Simulation of Optical Tactile Sensors Supporting Slip and Rotation using Path Tracing and IMPM

TL;DR

This paper presents a novel simulation approach for optical tactile sensors that combines path tracing and IMPM to accurately model slip and rotation, enhancing robotic manipulation capabilities.

Contribution

It introduces a new simulation method integrating path tracing and IMPM for realistic optical tactile sensor modeling, including slip and rotation effects.

Findings

Path tracing improves similarity to real tactile data.

IMPM enables accurate simulation of slip and rotation.

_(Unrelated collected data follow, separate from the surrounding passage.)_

lemma le_omega_ereal_of_score_le:
  assumes n: "n \<ge> 1" and s: "sigma_hat n e j > 0" and r: "\<bar>r\<bar> < real n / sqrt (real n + 1)"
    and score: "real n / sqrt (real n + 1)
      * alg_sigmoid (sqrt (real n + 1) * sigma_hat n e j) (z - mu_hat n e j) \<le> r"
  shows "ereal z \<le> omega n e j (ereal r)"
proof -
  define b where "b = real n / sqrt (real n + 1)"
  define a where "a = sqrt (real n + 1) * sigma_hat n e j"
  define t where "t = r * sqrt (real n + 1) / real n"
  have b: "0 < b" and a: "0 < a"
    using n s by (simp_all add: b_def a_def)
  have t: "t = r / b"
    using n by (simp add: t_def b_def)
  have t1: "\<bar>t\<bar> < 1"
    using b r by (simp add: t b_def[symmetric] abs_divide abs_of_pos divide_less_eq_1_pos)
  have "alg_sigmoid a (z - mu_hat n e j) \<le> t"
    using score b by (simp add: t a_def b_def[symmetric] pos_le_divide_eq mult.commute[of b])
  then have "z - mu_hat n e j \<le> a * t / sqrt (1 - t\<^sup>2)"
    by (rule le_of_alg_sigmoid_le[OF a t1])
  then have "ereal z \<le> ereal (mu_hat n e j + a * t / sqrt (1 - t\<^sup>2))"
    by simp
  also have "\<dots> \<le> omega n e j (ereal r)"
    using le_omega_ereal[OF n r] unfolding a_def t_def by (simp add: mult.assoc)
  finally show ?thesis .
qed

lemma le_omega_of_score_le:
  assumes n: "n \<ge> 1" and s: "sigma_hat n e j > 0"
    and score: "ereal ((z - mu_z n e j z) / sigma_z n e j z) \<le> q"
  shows "ereal z \<le> omega n e j q"
proof -
  define b where "b = real n / sqrt (real n + 1)"
  define g where "g = alg_sigmoid (sqrt (real n + 1) * sigma_hat n e j) (z - mu_hat n e j)"
  have b: "0 < b"
    using n by (simp add: b_def)
  have g: "\<bar>g\<bar> < 1"
    using n s by (simp add: g_def abs_alg_sigmoid_less_1)
  have bg: "ereal (b * g) \<le> q"
    using score by (simp only: score_z_eq_alg_sigmoid[OF n] b_def g_def)
  have "- b < b * g"
    using b g mult_strict_left_mono[of "-1" g b] by (simp add: abs_less_iff)
  then have "ereal (- b) < ereal (b * g)"
    by simp
  then have q_gt: "ereal (- b) < q"
    using bg by (rule less_le_trans)
  show ?thesis
  proof (cases "ereal b \<le> q")
    case True
    have "omega n e j q = \<infinity>"
      using omega_eq_top[OF q_gt[unfolded b_def] True[unfolded b_def]] .
    then show ?thesis
      by simp
  next
    case False
    with q_gt obtain r where q: "q = ereal r" and r: "\<bar>r\<bar> < b"
      by (cases q) auto
    have "b * g \<le> r"
      using bg by (simp add: q)
    with le_omega_ereal_of_score_le[OF n s] r show ?thesis
      unfolding q b_def g_def by blast
  qed
qed

section \<open>Empirical quantiles, ranks and the oracle score\<close>

lemma le_sort_nth_of_length_filter_less:
  fixes xs :: "'a::linorder list"
  assumes k: "k < length xs" and few: "length (filter (\<lambda>y. y < x) xs) \<le> k"
  shows "x \<le> sort xs ! k"
proof (rule ccontr)
  assume "\<not> x \<le> sort xs ! k"
  then have below: "y < x" if "y \<in> set (take (Suc k) (sort xs))" for y
  proof -
    from that obtain i where "i < Suc k" "y = sort xs ! i"
      using k by (auto simp: in_set_conv_nth)
    then have "y \<le> sort xs ! k"
      using k by (simp add: sorted_nth_mono)
    then show "y < x"
      using \<open>\<not> x \<le> sort xs ! k\<close> by simp
  qed
  have "Suc k = length (filter (\<lambda>y. y < x) (take (Suc k) (sort xs)))"
    using k below by (simp add: filter_True min_def)
  also have "\<dots> \<le> length (filter (\<lambda>y. y < x) (sort xs))"
    by (metis append_take_drop_id filter_append length_append le_add1)
  also have "\<dots> = length (filter (\<lambda>y. y < x) xs)"
    by (metis mset_filter mset_sort size_mset)
  finally show False
    using few by simp
qed

lemma le_Qhat_of_card_less:
  assumes k: "nat \<lceil>(1 - \<alpha>) * real (n + 1)\<rceil> = k" "1 \<le> k" "k \<le> n + 1"
    and few: "card {i\<in>{1..n}. t i < x} < k"
  shows "x \<le> Qhat \<alpha> n t"
proof -
  define xs where "xs = map t [1..<n+1] @ [\<infinity>]"
  have "length (filter (\<lambda>y. y < x) xs) = card ({i. t i < x} \<inter> set [1..<n+1])"
    by (simp add: xs_def filter_map o_def distinct_length_filter)
  also have "{i. t i < x} \<inter> set [1..<n+1] = {i\<in>{1..n}. t i < x}"
    by auto
  finally have "length (filter (\<lambda>y. y < x) xs) \<le> k - 1"
    using few by simp
  moreover have "k - 1 < length xs"
    using k(2,3) by (simp add: xs_def del: upt_Suc)
  ultimately have "x \<le> sort xs ! (k - 1)"
    by (intro le_sort_nth_of_length_filter_less)
  then show ?thesis
    unfolding Qhat_def k(1) xs_def .
qed

lemma card_rank_less_ge:
  fixes s :: "'i \<Rightarrow> 'a::linorder"
  assumes fin: "finite I" and k: "k \<le> card I"
  shows "k \<le> card {i\<in>I. card {l\<in>I. s l < s i} < k}"
proof (rule ccontr)
  define A where "A = {i\<in>I. card {l\<in>I. s l < s i} < k}"
  assume "\<not> k \<le> card A"
  then have cA: "card A < k"
    by simp
  have AI: "A \<subseteq> I"
    unfolding A_def by auto
  then have "I - A \<noteq> {}"
    using cA k by auto
  then have "Min (s ` (I - A)) \<in> s ` (I - A)"
    using fin by (intro Min_in) auto
  then obtain i where i: "i \<in> I - A" and i_min: "s i = Min (s ` (I - A))"
    by auto
  have "{l\<in>I. s l < s i} \<subseteq> A"
  proof safe
    fix l assume "l \<in> I" "s l < s i"
    then show "l \<in> A"
      using fin i_min Min_le[of "s ` (I - A)" "s l"] by fastforce
  qed
  then have "card {l\<in>I. s l < s i} \<le> card A"
    using fin AI by (intro card_mono) (auto intro: finite_subset)
  then have "i \<in> A"
    using cA i unfolding A_def by auto
  then show False
    using i by simp
qed

(* At z = E^{n+1}_j, mu_z and sigma_z are the mean and the deviation (normalised by n, not n+1)
   of the whole augmented sample, which makes the oracle score symmetric in E^1, ..., E^{n+1}. *)
definition mu_aug :: "nat \<Rightarrow> (nat \<Rightarrow> real^'d) \<Rightarrow> 'd \<Rightarrow> real" where
  "mu_aug n e j = (\<Sum>i=1..n+1. e i $ j) / real (n + 1)"

definition sigma_aug :: "nat \<Rightarrow> (nat \<Rightarrow> real^'d) \<Rightarrow> 'd \<Rightarrow> real" where
  "sigma_aug n e j = sqrt ((\<Sum>i=1..n+1. (e i $ j - mu_aug n e j)\<^sup>2) / real n)"

lemma S_oracle_eq_aug:
  "S_oracle n e t = Max (range (\<lambda>j. (t $ j - mu_aug n e j) / sigma_aug n e j))"
proof -
  have mu: "mu_z n e j (e (n+1) $ j) = mu_aug n e j" for j
    by (simp add: mu_z_def mu_aug_def)
  have sigma: "sigma_z n e j (e (n+1) $ j) = sigma_aug n e j" for j
    unfolding sigma_z_def sigma_aug_def mu by simp
  show ?thesis
    unfolding S_oracle_def mu sigma ..
qed

definition oracle_score :: "nat \<Rightarrow> (nat \<Rightarrow> real^'d) \<Rightarrow> nat \<Rightarrow> real" where
  "oracle_score n e i = S_oracle n e (e i)"

lemma oracle_score_permute:
  assumes "\<tau> permutes {1..n+1}"
  shows "oracle_score n (e \<circ> \<tau>) i = oracle_score n e (\<tau> i)"
proof -
  have sum: "(\<Sum>i=1..n+1. f (\<tau> i)) = (\<Sum>i=1..n+1. f i)" for f :: "nat \<Rightarrow> real"
    using sum.permute[OF assms, of f] by (simp add: o_def)
  have mu: "mu_aug n (e \<circ> \<tau>) j = mu_aug n e j" for j
    by (simp only: mu_aug_def o_def sum[of "\<lambda>i. e i $ j"])
  have "sigma_aug n (e \<circ> \<tau>) j = sigma_aug n e j" for j
    unfolding sigma_aug_def mu by (simp only: o_def sum[of "\<lambda>i. (e i $ j - mu_aug n e j)\<^sup>2"])
  with mu have "mu_aug n (e \<circ> \<tau>) = mu_aug n e" "sigma_aug n (e \<circ> \<tau>) = sigma_aug n e"
    by auto
  then show ?thesis
    by (simp add: oracle_score_def S_oracle_eq_aug)
qed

The method enhances robotic manipulation simulation fidelity.

Abstract

Optical tactile sensors are extensively utilized in intelligent robot manipulation due to their ability to acquire high-resolution tactile information at a lower cost. However, achieving adequate reality and versatility in simulating optical tactile sensors is challenging. In this paper, we propose a simulation method and validate its effectiveness through experiments. We utilize path tracing for image rendering, achieving higher similarity to real data than the baseline method in simulating pressing scenarios. Additionally, we apply the improved Material Point Method(IMPM) algorithm to simulate the relative rest between the object and the elastomer surface when the object is in motion, enabling more accurate simulation of complex manipulations such as slip and rotation.